I love old magazines, and collect old medical books. They are rare, to varying degrees, precisely because people discarded them due to them being obsolete. The same thing is true for other ephemera created today.
A 1982 set of EB is going to be useless for 3rd grade.
Not many graphics and a dense text loaded with big
words. Britannica Junior and World Book of any vintage
would be worth keeping for primary schoolers.
I am appalled that so many replies are ignorant of the
level of education required to comprehend Encyclopedia
Britannica. My dad was a 1950’s salesman for both EB
(a limited market) and World Book (high demand) at
different times. When he was promoted to district sales
manager, we received an expenses paid visit to a
Field Enterprises convention in Chicago. In my dotage
I have sets of EB(1997) and World Book (2003) that were
tossed out by the “Friends of the Houston Public Library.”
I’m surprised at the volume of “get rid of 'em” votes.
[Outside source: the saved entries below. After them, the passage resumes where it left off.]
lemma finite_fdeg_degrees: "finite {card S | S. S \<subseteq> {..<n} \<and> fcoeff n g S \<noteq> 0}"
  by (rule finite_subset[of _ "card ` Pow {..<n}"]) auto

lemma fdeg_le_iff: "fdeg n g \<le> d \<longleftrightarrow> (\<forall>S\<subseteq>{..<n}. fcoeff n g S \<noteq> 0 \<longrightarrow> card S \<le> d)"
  using finite_fdeg_degrees[of n g] by (auto simp: fdeg_def)

lemma le_fdeg_iff:
  assumes "0 < d"
  shows "d \<le> fdeg n g \<longleftrightarrow> (\<exists>S\<subseteq>{..<n}. fcoeff n g S \<noteq> 0 \<and> d \<le> card S)"
  using finite_fdeg_degrees[of n g] assms by (auto simp: fdeg_def Max_ge_iff)

lemma flip_difference_fdeg_le_1:
  assumes deg: "fdeg n g \<le> 1" and x: "x \<in> cube n" and i: "i < n"
  shows "g x - g (flip i x) = 2 * fcoeff n g {i} * x i"
proof -
  have "fcoeff n g S = 0" if S: "S \<subseteq> {..<n}" "i \<in> S" "S \<noteq> {i}" for S
  proof (rule ccontr)
    assume "fcoeff n g S \<noteq> 0"
    then have "card S \<le> Suc 0" using deg S(1) by (simp add: fdeg_le_iff)
    then have "\<forall>a\<in>S. \<forall>b\<in>S. a = b" using finite_subset[OF S(1)] by (simp add: card_le_Suc0_iff_eq)
    then show False using S(2,3) by blast
  qed
  then have "(\<Sum>S | S \<subseteq> {..<n} \<and> i \<in> S. fcoeff n g S * chi S x) = (\<Sum>S\<in>{{i}}. fcoeff n g S * chi S x)"
    using i by (intro sum.mono_neutral_right) auto
  then show ?thesis by (simp add: flip_difference[OF x i] chi_def)
qed

lemma infl_pos_iff_fcoeff_singleton:
  assumes deg: "fdeg n g \<le> 1" and i: "i < n"
  shows "0 < infl n g i \<longleftrightarrow> fcoeff n g {i} \<noteq> 0"
proof -
  obtain x where x: "x \<in> cube n" using cube_nonempty by blast
  have "g (flip i y) \<noteq> g y \<longleftrightarrow> fcoeff n g {i} \<noteq> 0" if "y \<in> cube n" for y
    using flip_difference_fdeg_le_1[OF deg that i] cube_coord_nonzero[OF that i] by auto
  then show ?thesis using x by (auto simp: infl_pos_iff)
qed

lemma boolean_fdeg_le_1_is_dictator:
  assumes bool: "g ` cube n \<subseteq> {1, -1}" and deg: "fdeg n g \<le> 1"
    and i: "i < n" and coeff: "fcoeff n g {i} \<noteq> 0" and x: "x \<in> cube n"
  shows "g x = fcoeff n g {i} * x i"
proof -
  have diff: "g x - g (flip i x) = 2 * fcoeff n g {i} * x i"
    by (rule flip_difference_fdeg_le_1[OF deg x i])
  then have "g (flip i x) \<noteq> g x" using coeff cube_coord_nonzero[OF x i] by auto
  moreover have "g x \<in> {1, -1}" "g (flip i x) \<in> {1, -1}" using bool x flip_in_cube[OF x i] by auto
  ultimately have "g (flip i x) = - g x" by auto
  then show ?thesis using diff by simp
qed

lemma boolean_fdeg_le_1_unique_coordinate:
  assumes bool: "g ` cube n \<subseteq> {1, -1}" and deg: "fdeg n g \<le> 1"
    and i: "i < n" "fcoeff n g {i} \<noteq> 0" and l: "l < n" "fcoeff n g {l} \<noteq> 0"
  shows "i = l"
proof (rule ccontr)
  assume "i \<noteq> l"
  obtain x where x: "x \<in> cube n" using cube_nonempty by blast
  note dictator = boolean_fdeg_le_1_is_dictator[OF bool deg]
  have "g (flip l x) = g x"
    using dictator[OF i x] dictator[OF i flip_in_cube[OF x l(1)]] \<open>i \<noteq> l\<close> by (simp add: flip_def)
  moreover have "g (flip l x) = - g x"
    using dictator[OF l x] dictator[OF l flip_in_cube[OF x l(1)]] by (simp add: flip_def)
  ultimately have "g x = 0" by simp
  then show False using bool x by auto
qed

lemma fdeg_eq_1_iff_unique_influential:
  assumes bool: "g ` cube n \<subseteq> {1, -1}"
  shows "fdeg n g = 1 \<longleftrightarrow> (\<exists>!i. i < n \<and> 0 < infl n g i)"
proof
  assume deg1: "fdeg n g = 1"
  then have deg: "fdeg n g \<le> 1" by simp
  obtain S where S: "S \<subseteq> {..<n}" "fcoeff n g S \<noteq> 0" "1 \<le> card S"
    using deg1 le_fdeg_iff[of 1 n g] by auto
  moreover have "card S \<le> 1" using deg S(1,2) by (simp add: fdeg_le_iff)
  ultimately have "card S = 1" by simp
  then obtain i where "S = {i}" by (auto simp: card_Suc_eq)
  then have i: "i < n" "fcoeff n g {i} \<noteq> 0" using S by auto
  show "\<exists>!i. i < n \<and> 0 < infl n g i"
    using i boolean_fdeg_le_1_unique_coordinate[OF bool deg i]
      infl_pos_iff_fcoeff_singleton[OF deg] by blast
next
  assume "\<exists>!i. i < n \<and> 0 < infl n g i"
  then obtain i where i: "i < n" "0 < infl n g i"
    and others: "\<And>l. l < n \<Longrightarrow> l \<noteq> i \<Longrightarrow> infl n g l = 0"
    by (metis infl_eq_0_iff_not_pos)
  have support: "S \<subseteq> {i}" if S: "S \<subseteq> {..<n}" "fcoeff n g S \<noteq> 0" for S
  proof (rule ccontr)
    assume "\<not> S \<subseteq> {i}"
    then obtain l where l: "l \<in> S" "l \<noteq> i" by blast
    then have "infl n g l = 0" using S(1) others by blast
    then show False using infl_eq_0_iff_fcoeff[of l n g] S l(1) by blast
  qed
  have "card S \<le> 1" if "S \<subseteq> {..<n}" "fcoeff n g S \<noteq> 0" for S
    using card_mono[OF _ support[OF that]] by simp
  then have le: "fdeg n g \<le> 1" by (simp add: fdeg_le_iff)
  obtain S where S: "S \<subseteq> {..<n}" "i \<in> S" "fcoeff n g S \<noteq> 0"
    using i(2) infl_eq_0_iff_fcoeff[OF i(1), of g] by fastforce
  have "0 < card S" using S(2) finite_subset[OF S(1)] card_gt_0_iff by blast
  then have "1 \<le> fdeg n g" using le_fdeg_iff[of 1 n g] S(1,3) by auto
  with le show "fdeg n g = 1" by simp
qed

lemma bij_cube_output_has_influential_input:
  assumes bij: "bij_betw F (cube n) (cube n)" and j: "j < n"
  shows "\<exists>i<n. 0 < infl n (\<lambda>x. F x j) i"
proof (rule ccontr)
  assume "\<not> (\<exists>i<n. 0 < infl n (\<lambda>x. F x j) i)"
  then have no_infl: "\<forall>i<n. infl n (\<lambda>x. F x j) i = 0"
    by (simp add: infl_eq_0_iff_not_pos)
  obtain x where x: "x \<in> cube n" using cube_nonempty by blast
  have onto: "F ` cube n = cube n" using bij by (rule bij_betw_imp_surj_on)
  obtain a b where "a \<in> cube n" "F a = x" "b \<in> cube n" "F b = flip j x"
    using x flip_in_cube[OF x j] by (metis imageE onto)
  then have "x j = flip j x j"
    using constant_if_no_influence[OF no_infl] by metis
  then show False using cube_coord_nonzero[OF x j] by (simp add: flip_def)
qed

lemma bij_cube_input_influences_output:
  assumes bij: "bij_betw F (cube n) (cube n)" and i: "i < n"
  shows "\<exists>j<n. 0 < infl n (\<lambda>x. F x j) i"
proof (rule ccontr)
  assume "\<not> (\<exists>j<n. 0 < infl n (\<lambda>x. F x j) i)"
  then have no_infl: "\<forall>j<n. infl n (\<lambda>x. F x j) i = 0"
    by (simp add: infl_eq_0_iff_not_pos)
  obtain x where x: "x \<in> cube n" using cube_nonempty by blast
  have x': "flip i x \<in> cube n" using flip_in_cube[OF x i] .
  have "F (flip i x) j = F x j" for j
  proof (cases "j < n")
    case True
    then show ?thesis using no_infl x by (simp add: infl_eq_0_iff)
  next
    case False
    then show ?thesis
      using bij_betwE[OF bij] x x' cube_coord_outside by (metis not_le)
  qed
  then have "flip i x = x"
    using bij x x' by (metis bij_betw_def inj_onD ext)
  then show False using flip_neq[OF x i] by simp
qed

definition out_nbhd :: "nat \<Rightarrow> (nat \<Rightarrow> nat \<Rightarrow> bool) \<Rightarrow> nat set \<Rightarrow> nat set" where
  "out_nbhd n D S = {j. j < n \<and> (\<exists>i\<in>S. D i j)}"

lemma out_nbhd_subset: "out_nbhd n D S \<subseteq> {..<n}"
  by (auto simp: out_nbhd_def)

lemma finite_out_nbhd: "finite (out_nbhd n D S)"
  by (rule finite_subset[OF out_nbhd_subset]) simp

lemma out_nbhd_mono: "S \<subseteq> S' \<Longrightarrow> out_nbhd n D S \<subseteq> out_nbhd n D S'"
  by (auto simp: out_nbhd_def)

lemma ex_exact_out_set_iff_card_out_nbhd:
  "(\<exists>T. T \<subseteq> {..<n} \<and> card T = k \<and> (\<forall>j\<in>T. \<exists>i\<in>S. D i j) \<and> (\<forall>j\<in>{..<n} - T. \<forall>i\<in>S. \<not> D i j))
    \<longleftrightarrow> card (out_nbhd n D S) = k"
proof
  assume "\<exists>T. T \<subseteq> {..<n} \<and> card T = k \<and> (\<forall>j\<in>T. \<exists>i\<in>S. D i j) \<and> (\<forall>j\<in>{..<n} - T. \<forall>i\<in>S. \<not> D i j)"
  then obtain T where "T \<subseteq> {..<n}" "card T = k" "\<forall>j\<in>T. \<exists>i\<in>S. D i j" "\<forall>j\<in>{..<n} - T. \<forall>i\<in>S. \<not> D i j"
    by blast
  moreover from this have "T = out_nbhd n D S" by (auto simp: out_nbhd_def)
  ultimately show "card (out_nbhd n D S) = k" by simp
next
  assume "card (out_nbhd n D S) = k"
  then show "\<exists>T. T \<subseteq> {..<n} \<and> card T = k \<and> (\<forall>j\<in>T. \<exists>i\<in>S. D i j) \<and> (\<forall>j\<in>{..<n} - T. \<forall>i\<in>S. \<not> D i j)"
    by (intro exI[of _ "out_nbhd n D S"]) (auto simp: out_nbhd_def)
qed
Sure, they’re out of date. And sure, they may report things which happened before 1982 inaccurately. For example, in 1982 we didn’t know there were humans in Australia 60,000 years ago.
We didn’t know about germ theory in the 1400s, either, but that doesn’t mean we throw out any scientific texts from before that. The books are interesting, and as long as you explain that stuff in them will be wrong, they will by useful.
I don’t see why you would get rid of them unless shelf space is at a premium.
I was able to read and comprehend most BE articles without difficulty when I was about six.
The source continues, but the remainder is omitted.